Even lenders who cater to more credit-worthy borrowers have suffered losses. American Express wrote off 5.9 percent of its loans in the third quarter, up from 5.3 percent in the second quarter and 3 percent a year ago.
"Cardmember spending is likely to remain soft" into 2009, Kenneth I. Chenault, chairman and chief executive, said in a news release. "Loan growth will be restrained, in part because of the steps we are taking to reduce credit risks, and credit indicators are likely to reflect the continued downturn in the economy and throughout the housing sector."
The numbers have spooked lenders into withholding credit. Major issuers, such as Bank of America, have said they have raised their standards for granting cards. Stephanie Jacobson, first vice president of public affairs for Chase Card Services, said the company has increased its credit-score cutoffs for direct-mail marketing. "As leading indicators began to change in early 2007, we adjusted our risk-management policies and procedures to better manage potential losses," she said.
Fewer consumers are now getting courted. According to Mintel Comperemedia, a marketing research firm, 1.34 billion credit card direct mail offers were sent out in the third quarter, down 13 percent from the previous quarter and 28 percent from a year earlier.

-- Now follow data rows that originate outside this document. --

lemma corona_copy_map_Inl [simp]: "corona_copy_map e \<sigma> (Inl u) = Inl u"
  by (simp add: corona_copy_map_def)

lemma corona_copy_map_Inr [simp]:
  "corona_copy_map e \<sigma> (Inr (e', h)) = Inr (e', if e' = e then \<sigma> h else h)"
  by (simp add: corona_copy_map_def)

lemma corona_copy_map_involution:
  "(\<And>h. \<sigma> (\<sigma> h) = h) \<Longrightarrow> corona_copy_map e \<sigma> (corona_copy_map e \<sigma> z) = z"
  by (cases z) auto

lemma graph_hom_corona_copy_map:
  assumes hom: "graph_hom H H \<sigma>"
  shows "graph_hom (edge_corona G H) (edge_corona G H) (corona_copy_map e \<sigma>)"
proof -
  let ?f = "corona_copy_map e \<sigma>"
  define \<tau> where "\<tau> e' = (if e' = e then \<sigma> else id)" for e'
  have \<tau>_hom: "graph_hom H H (\<tau> e')" for e'
    using hom by (simp add: \<tau>_def graph_hom_def)
  have f_Inr: "?f (Inr (e', h)) = Inr (e', \<tau> e' h)" for e' h
    by (simp add: \<tau>_def)
  have edge: "?f ` X \<in> edges (edge_corona G H)" if X: "X \<in> edges (edge_corona G H)" for X
    using X
  proof (cases rule: edges_edge_coronaE)
    case base
    then have "?f ` X = X" by (auto simp: image_image)
    then show ?thesis using X by simp
  next
    case (copy e' h h')
    then have "{\<tau> e' h, \<tau> e' h'} \<in> edges H" using \<tau>_hom by (simp add: graph_hom_def)
    then show ?thesis using copy(1,2) f_Inr by (simp add: edge_corona_copy_edge)
  next
    case (attach u e' h)
    then have "\<tau> e' h \<in> verts H" using \<tau>_hom by (simp add: graph_hom_def)
    then show ?thesis using attach(1-3) f_Inr by (simp add: edge_corona_attach_edge)
  qed
  have vert: "?f z \<in> verts (edge_corona G H)" if z: "z \<in> verts (edge_corona G H)" for z
    using z
  proof (cases rule: verts_edge_coronaE)
    case (copy e' h)
    then have "\<tau> e' h \<in> verts H" using \<tau>_hom by (simp add: graph_hom_def)
    then show ?thesis using copy f_Inr by (simp add: verts_edge_corona)
  qed (use z in simp)
  show ?thesis
    unfolding graph_hom_def using vert edge[of "{_, _}"] by simp
qed

lemma verts_complete_graph [simp]: "verts (complete_graph V) = V"
  by (simp add: complete_graph_def verts_def)

lemma doubleton_in_edges_complete_graph [simp]:
  "{a, b} \<in> edges (complete_graph V) \<longleftrightarrow> a \<in> V \<and> b \<in> V \<and> a \<noteq> b"
  by (auto simp: complete_graph_def edges_def doubleton_eq_iff)

lemma simple_graph_complete_graph: "finite V \<Longrightarrow> simple_graph (complete_graph V)"
  by (auto simp: simple_graph_def complete_graph_def verts_def edges_def)

lemma graph_hom_complete_graph_transpose:
  "h \<in> V \<Longrightarrow> h' \<in> V \<Longrightarrow> graph_hom (complete_graph V) (complete_graph V) (transpose h h')"
  by (auto simp: graph_hom_def transpose_def)

lemma inj_on_edge_corona_complete_copy_colors:
  assumes loc: "locating_rainbow_coloring (edge_corona G (complete_graph V)) k c"
    and e: "e \<in> edges G"
  shows "inj_on (\<lambda>h. c (Inr (e, h))) V"
proof (rule inj_onI)
  fix h h' assume h: "h \<in> V" "h' \<in> V" and same: "c (Inr (e, h)) = c (Inr (e, h'))"
  let ?\<sigma> = "corona_copy_map e (transpose h h')"
  have "?\<sigma> (Inr (e, h)) = Inr (e, h)"
  proof (rule locating_rainbow_coloring_involution_fixpoint[OF loc])
    show "graph_hom (edge_corona G (complete_graph V)) (edge_corona G (complete_graph V)) ?\<sigma>"
      by (rule graph_hom_corona_copy_map[OF graph_hom_complete_graph_transpose[OF h]])
    show "?\<sigma> (?\<sigma> z) = z" for z
      by (rule corona_copy_map_involution) simp
    show "c (?\<sigma> z) = c z" for z
    proof (cases z)
      case (Inr p)
      then show ?thesis using same by (cases p) (auto simp: transpose_def)
    qed simp
    show "Inr (e, h) \<in> verts (edge_corona G (complete_graph V))"
      using e h by (simp add: verts_edge_corona)
  qed
  then show "h = h'" by simp
qed

lemma edge_corona_complete_copy_not_all_colors:
  assumes conn: "connected_graph G" and fin: "finite V"
    and loc: "locating_rainbow_coloring (edge_corona G (complete_graph V)) k c"
    and e: "e \<in> edges G" and w: "w \<in> e"
  shows "(\<lambda>h. c (Inr (e, h))) ` V \<noteq> {1..k}"
proof
  let ?C = "edge_corona G (complete_graph V)"
  assume all_colors: "(\<lambda>h. c (Inr (e, h))) ` V = {1..k}"
  have conn_C: "connected_graph ?C"
    using connected_graph_edge_corona[OF conn simple_graph_complete_graph[OF fin]] .
  have "w \<in> verts G"
    using conn e w by (auto simp: connected_graph_def elim: simple_graph_edgeE)
  then have u: "Inl w \<in> verts ?C" by (simp add: verts_edge_corona)
  then have "c (Inl w) \<in> (\<lambda>h. c (Inr (e, h))) ` V"
    using loc all_colors by (auto simp: locating_rainbow_coloring_def)
  then obtain h0 where h0: "h0 \<in> V" "c (Inl w) = c (Inr (e, h0))" by blast
  have x: "Inr (e, h0) \<in> verts ?C" using e h0(1) by (simp add: verts_edge_corona)
  have "rainbow_code ?C c k (Inl w) = rainbow_code ?C c k (Inr (e, h0))"
  proof (rule rainbow_code_eq_if_common_neighbours[OF conn_C u x h0(2)])
    fix i assume i: "i \<in> {1..k}" "i \<noteq> c (Inl w)"
    then have "i \<in> (\<lambda>h. c (Inr (e, h))) ` V" using all_colors by simp
    then obtain h where h: "h \<in> V" "c (Inr (e, h)) = i" by blast
    then have "h \<noteq> h0" using h0(2) i(2) by auto
    then show "\<exists>z \<in> verts ?C. c z = i \<and> {Inl w, z} \<in> edges ?C \<and> {Inr (e, h0), z} \<in> edges ?C"
      using e w h h0(1)
      by (intro bexI[of _ "Inr (e, h)"]) (auto simp: verts_edge_corona edge_corona_attach_edge edge_corona_copy_edge)
  qed
  moreover have "inj_on (rainbow_code ?C c k) (verts ?C)"
    using loc by (simp add: locating_rainbow_coloring_def)
  ultimately show False using u x by (auto dest: inj_onD)
qed

lemma edge_corona_complete_locating_card_less:
  assumes conn: "connected_graph G" and fin: "finite V" and edges: "edges G \<noteq> {}"
    and loc: "locating_rainbow_coloring (edge_corona G (complete_graph V)) k c"
  shows "card V < k"
proof -
  obtain e where e: "e \<in> edges G" using edges by blast
  moreover have "simple_graph G" using conn by (simp add: connected_graph_def)
  ultimately obtain u v where "e = {u, v}" by (elim simple_graph_edgeE)
  then have u: "u \<in> e" by simp
  let ?f = "\<lambda>h. c (Inr (e, h))"
  have "?f ` V \<subseteq> {1..k}"
    using loc e by (auto simp: locating_rainbow_coloring_def verts_edge_corona)
  then have "?f ` V \<subset> {1..k}"
    using edge_corona_complete_copy_not_all_colors[OF conn fin loc e u] by blast
  then have "card (?f ` V) < card {1..k}"
    by (rule psubset_card_mono[OF finite_atLeastAtMost])
  then show ?thesis
    using card_image[OF inj_on_edge_corona_complete_copy_colors[OF loc e]] by simp
qed

theorem lemma4:
  fixes G :: "'a graph" and V :: "'b set" and m n :: nat
  assumes "m \<ge> 2" and "n \<ge> 2"
    and "connected_graph G" and "card (verts G) = m"
    and "finite V" and "card V = n"
  shows "rvcl (edge_corona G (complete_graph V)) \<ge> n + 1"
proof -
  let ?C = "edge_corona G (complete_graph V)"
  have edges: "edges G \<noteq> {}"
    using connected_graph_edges_nonempty[OF assms(3)] assms(1,4) by simp
  have "connected_graph ?C"
    using connected_graph_edge_corona[OF assms(3) simple_graph_complete_graph[OF assms(5)]] .
  then have "\<exists>k c. locating_rainbow_coloring ?C k c"
    by (rule connected_graph_has_locating_rainbow_coloring)
  then show ?thesis
    using edge_corona_complete_locating_card_less[OF assms(3,5) edges] assms(6)
    by (intro le_rvcl) (auto simp: Suc_le_eq)
qed

end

A Federal Reserve survey of lenders, released last week and conducted last month, found that 50 percent had raised their minimum required credit scores over the past three months, which prompts the question: What makes a customer desirable these days?

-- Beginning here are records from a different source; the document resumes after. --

lemma finite_lift_iff:
  assumes "C \<in> R_clusters" and "\<And>X. finite {w \<in> V. q w = X}"
  shows "finite (lift C) \<longleftrightarrow> finite C"
proof
  assume "finite (lift C)"
  then show "finite C" using image_lift[OF assms(1)] finite_imageI by metis
next
  assume "finite C"
  moreover have "lift C = (\<Union>X\<in>C. {w \<in> V. q w = X})" unfolding lift_def by blast
  ultimately show "finite (lift C)" using assms(2) by simp
qed

end

section \<open>Holes as a quotient of the dual lattice minus I\<close>

lemma rtrancl_dual_minus_edges_if_dual_cluster:
  assumes "w \<in> dual_cluster \<omega> v" "v \<notin> inf_dual_cluster \<omega>"
  shows "(v, w) \<in> (dual_minus_edges (inf_dual_cluster \<omega>))\<^sup>*"
  using assms unfolding dual_cluster_def mem_Collect_eq
proof (induction rule: rtrancl_induct)
  case (step x y)
  then have "x \<in> dual_cluster \<omega> v" "y \<in> dual_cluster \<omega> v"
    by (auto simp: dual_cluster_def intro: rtrancl_into_rtrancl)
  then have "x \<notin> inf_dual_cluster \<omega>" "y \<notin> inf_dual_cluster \<omega>"
    using step.prems inf_dual_cluster_cong by blast+
  moreover have "dual_adj x y" using step.hyps(2) by (simp add: open_dual_edges_def)
  ultimately have "(x, y) \<in> dual_minus_edges (inf_dual_cluster \<omega>)"
    by (simp add: dual_minus_edges_def)
  then show ?case using step.IH step.prems by simp
qed simp

lemma finite_region_fibre: "finite {w \<in> - inf_dual_cluster \<omega>. region \<omega> w = X}"
proof (cases "\<exists>u. u \<notin> inf_dual_cluster \<omega> \<and> region \<omega> u = X")
  case True
  then obtain u where u: "u \<notin> inf_dual_cluster \<omega>" "region \<omega> u = X" by blast
  then have "{w \<in> - inf_dual_cluster \<omega>. region \<omega> w = X} \<subseteq> dual_cluster \<omega> u"
    using region_eq_iff by blast
  moreover have "finite (dual_cluster \<omega> u)" using u(1) by (simp add: inf_dual_cluster_iff)
  ultimately show ?thesis by (rule finite_subset)
next
  case False
  then have "{w \<in> - inf_dual_cluster \<omega>. region \<omega> w = X} = {}" by blast
  then show ?thesis by (simp only: finite.emptyI)
qed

"This is a moving target because the most credit-worthy a year ago was someone with a 700 FICO score. Now it's more like 730," said Curtis Arnold, founder of CardRatings.com.
Lenders are now increasingly considering factors beyond late or missed payments. Some are looking at geography and shopping behavior as well. If you live in an area with a high foreclosure rate or shop at stores that risky borrowers frequent, don't be surprised if your line is reduced or your rate goes up.

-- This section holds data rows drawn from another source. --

lemma MCG_half_mult_classes:
  assumes a: "a \<in> half_set P" and b: "b \<in> half_set P"
  shows "pc_rel (half_set P) `` {a} \<otimes>\<^bsub>MCG_half P\<^esub> pc_rel (half_set P) `` {b}
       = pc_rel (half_set P) `` {a \<circ> b}"
proof -
  let ?C = "pc_rel (half_set P)"
  have E: "equiv (half_set P) ?C" by (rule equiv_pc_rel[OF half_set_subset_Diff_plus])
  have "(SOME a'. a' \<in> ?C `` {a}) \<in> ?C `` {a}"
    by (rule someI[of "\<lambda>z. z \<in> ?C `` {a}", OF equiv_class_self[OF E a]])
  moreover have "(SOME b'. b' \<in> ?C `` {b}) \<in> ?C `` {b}"
    by (rule someI[of "\<lambda>z. z \<in> ?C `` {b}", OF equiv_class_self[OF E b]])
  ultimately have "(a \<circ> b, (SOME a'. a' \<in> ?C `` {a}) \<circ> (SOME b'. b' \<in> ?C `` {b})) \<in> ?C"
    using pc_rel_compose by blast
  then show ?thesis using equiv_class_eq[OF E] by (simp add: MCG_half_def)
qed

text \<open>A smooth involution realising the half rotation gives the splitting; no isotopy is needed
  since \<open>T \<circ> T\<close> equals the identity on the disk.\<close>

lemma MCG_half_splitting_of_involution:
  assumes T: "T \<in> half_set P" "\<forall>x\<in>circle. T x = half_rot x" "\<forall>x\<in>disk. T (T x) = x"
  shows "\<exists>\<sigma>. \<sigma> \<in> hom (integer_mod_group 2) (MCG_half P) \<and>
             (\<forall>k \<in> carrier (integer_mod_group 2). bdry_class (\<sigma> k) = k)"
proof -
  let ?C = "pc_rel (half_set P)"
  define r where "r = (\<lambda>k::int. if k = 0 then id else T)"
  define \<sigma> where "\<sigma> = (\<lambda>k. ?C `` {r k})"
  have E: "equiv (half_set P) ?C" by (rule equiv_pc_rel[OF half_set_subset_Diff_plus])
  have carrier: "carrier (integer_mod_group 2) = {0, 1}"
    by (auto simp: carrier_integer_mod_group)
  have r: "r k \<in> half_set P" for k using T id_half_set by (simp add: r_def)
  have TT: "?C `` {T \<circ> T} = ?C `` {id}"
    using T(3) half_set_compose[OF T(1) T(1)] id_half_set
    by (intro equiv_class_eq[OF E] pc_rel_if_eq_on_disk) auto
  have "\<sigma> \<in> hom (integer_mod_group 2) (MCG_half P)"
  proof (rule homI)
    show "\<sigma> k \<in> carrier (MCG_half P)" for k
      unfolding \<sigma>_def by (simp add: MCG_half_def quotientI r)
    fix k l assume "k \<in> carrier (integer_mod_group 2)" "l \<in> carrier (integer_mod_group 2)"
    then show "\<sigma> (k \<otimes>\<^bsub>integer_mod_group 2\<^esub> l) = \<sigma> k \<otimes>\<^bsub>MCG_half P\<^esub> \<sigma> l"
      unfolding \<sigma>_def MCG_half_mult_classes[OF r r] using carrier TT by (auto simp: r_def)
  qed
  moreover have "bdry_class (\<sigma> k) = k" if k: "k \<in> carrier (integer_mod_group 2)" for k
  proof -
    have "(SOME R. R \<in> \<sigma> k) \<in> \<sigma> k"
      unfolding \<sigma>_def by (rule someI[of "\<lambda>z. z \<in> ?C `` {r k}", OF equiv_class_self[OF E r]])
    then have "(r k, SOME R. R \<in> \<sigma> k) \<in> ?C" unfolding \<sigma>_def by simp
    then have "(\<forall>x\<in>circle. (SOME R. R \<in> \<sigma> k) x = half_rot x) \<longleftrightarrow> (\<forall>x\<in>circle. r k x = half_rot x)"
      by (rule pc_rel_half_rot_on_circle)
    moreover have "\<not> (\<forall>x\<in>circle. id x = half_rot x)"
    proof
      assume "\<forall>x\<in>circle. id x = half_rot x"
      then have "id 1 = half_rot (1::complex)" by (simp add: circle_def)
      then show False by (simp add: half_rot_def)
    qed
    ultimately show ?thesis using k carrier T(2) by (auto simp: bdry_class_def r_def)
  qed
  ultimately show ?thesis by blast
qed

section \<open>Moebius automorphisms and twists\<close>

definition mobius :: "complex \<Rightarrow> complex \<Rightarrow> complex" where
  "mobius c z = (z - c) / (1 - cnj c * z)"

lemma mobius_self [simp]: "mobius c c = 0"
  by (simp add: mobius_def)

lemma mobius_denominator_nonzero: "cmod c < 1 \<Longrightarrow> cmod z \<le> 1 \<Longrightarrow> 1 - cnj c * z \<noteq> 0"
proof
  assume c: "cmod c < 1" and z: "cmod z \<le> 1" and "1 - cnj c * z = 0"
  then have "cnj c * z = 1" by simp
  then have "cmod c * cmod z = 1" by (metis complex_mod_cnj norm_mult norm_one)
  moreover have "cmod c * cmod z < 1"
    using c z by (metis mult_le_one norm_ge_zero less_le_not_le linorder_not_less
        mult_less_cancel_left1 less_le_trans mult_left_le norm_not_less_zero)
  ultimately show False by simp
qed

lemma norm_mobius_squared:
  assumes c: "cmod c < 1" and z: "cmod z \<le> 1"
  shows "(cmod (mobius c z))\<^sup>2 = 1 - (1 - (cmod z)\<^sup>2) * (1 - (cmod c)\<^sup>2) / (cmod (1 - cnj c * z))\<^sup>2"
proof -
  have d: "cmod (1 - cnj c * z) > 0" using mobius_denominator_nonzero[OF c z] by simp
  have "complex_of_real ((cmod (1 - cnj c * z))\<^sup>2 - (cmod (z - c))\<^sup>2)
      = complex_of_real ((1 - (cmod z)\<^sup>2) * (1 - (cmod c)\<^sup>2))"
    by (simp only: of_real_diff of_real_mult of_real_1 complex_norm_square) (simp add: algebra_simps)
  then have "(cmod (1 - cnj c * z))\<^sup>2 - (cmod (z - c))\<^sup>2 = (1 - (cmod z)\<^sup>2) * (1 - (cmod c)\<^sup>2)"
    by (rule of_real_eq_iff[THEN iffD1])
  then have eq: "(cmod (z - c))\<^sup>2 = (cmod (1 - cnj c * z))\<^sup>2 - (1 - (cmod z)\<^sup>2) * (1 - (cmod c)\<^sup>2)"
    by simp
  have "(cmod (mobius c z))\<^sup>2 = (cmod (z - c))\<^sup>2 / (cmod (1 - cnj c * z))\<^sup>2"
    by (simp add: mobius_def norm_divide power_divide)
  also have "\<dots> = 1 - (1 - (cmod z)\<^sup>2) * (1 - (cmod c)\<^sup>2) / (cmod (1 - cnj c * z))\<^sup>2"
    unfolding eq using d by (simp add: field_simps)
  finally show ?thesis .
qed

lemma norm_mobius_le_1:
  assumes c: "cmod c < 1" and z: "cmod z \<le> 1"
  shows "cmod (mobius c z) \<le> 1"
proof -
  have "(1 - (cmod z)\<^sup>2) * (1 - (cmod c)\<^sup>2) / (cmod (1 - cnj c * z))\<^sup>2 \<ge> 0"
    using c z by (intro divide_nonneg_nonneg mult_nonneg_nonneg) (auto simp: abs_square_le_1)
  then have "(cmod (mobius c z))\<^sup>2 \<le> 1" using norm_mobius_squared[OF c z] by simp
  then show ?thesis by (simp add: abs_square_le_1)
qed

lemma norm_mobius_eq_1:
  assumes c: "cmod c < 1" and z: "cmod z = 1"
  shows "cmod (mobius c z) = 1"
proof -
  have "(cmod (mobius c z))\<^sup>2 = 1" using norm_mobius_squared[OF c] z by simp
  then show ?thesis using norm_ge_zero[of "mobius c z"] by (auto simp: power2_eq_1_iff)
qed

"Among other factors, we do look at mortgage information and geography where there has been a greater deterioration in home prices. Those are some other factors, but again, we're looking at the entire credit profile," Lisa Gonzales, manager of public affairs for American Express, said of credit line reductions.
"We have taken actions such as lowering credit limits, adjusting rates, tightening credit standards and closing inactive accounts, particularly in certain geographies and where we can use mortgage data to enhance our decision-making capabilities," said Jeanette Volpi, vice president of public affairs for Citi.
Reducing credit lines, in particular, has wreaked havoc on many consumers by affecting their debt utilization ratio, which is the percentage of available credit they are using. A high debt utilization can lower a credit score, which then makes it tougher to get credit or at least get credit under favorable terms.
Joanna Fridinger, owner of a limo company in Baltimore, found herself feeling the wrath of American Express. She had a credit limit of $19,500 on a card she had gotten in 2004 and, she said, faithfully paid on time. But a dispute with Macy's over a broken vacuum she bought on credit dinged her credit report. She said she refused to make payments on the vacuum and was hit with a late fee.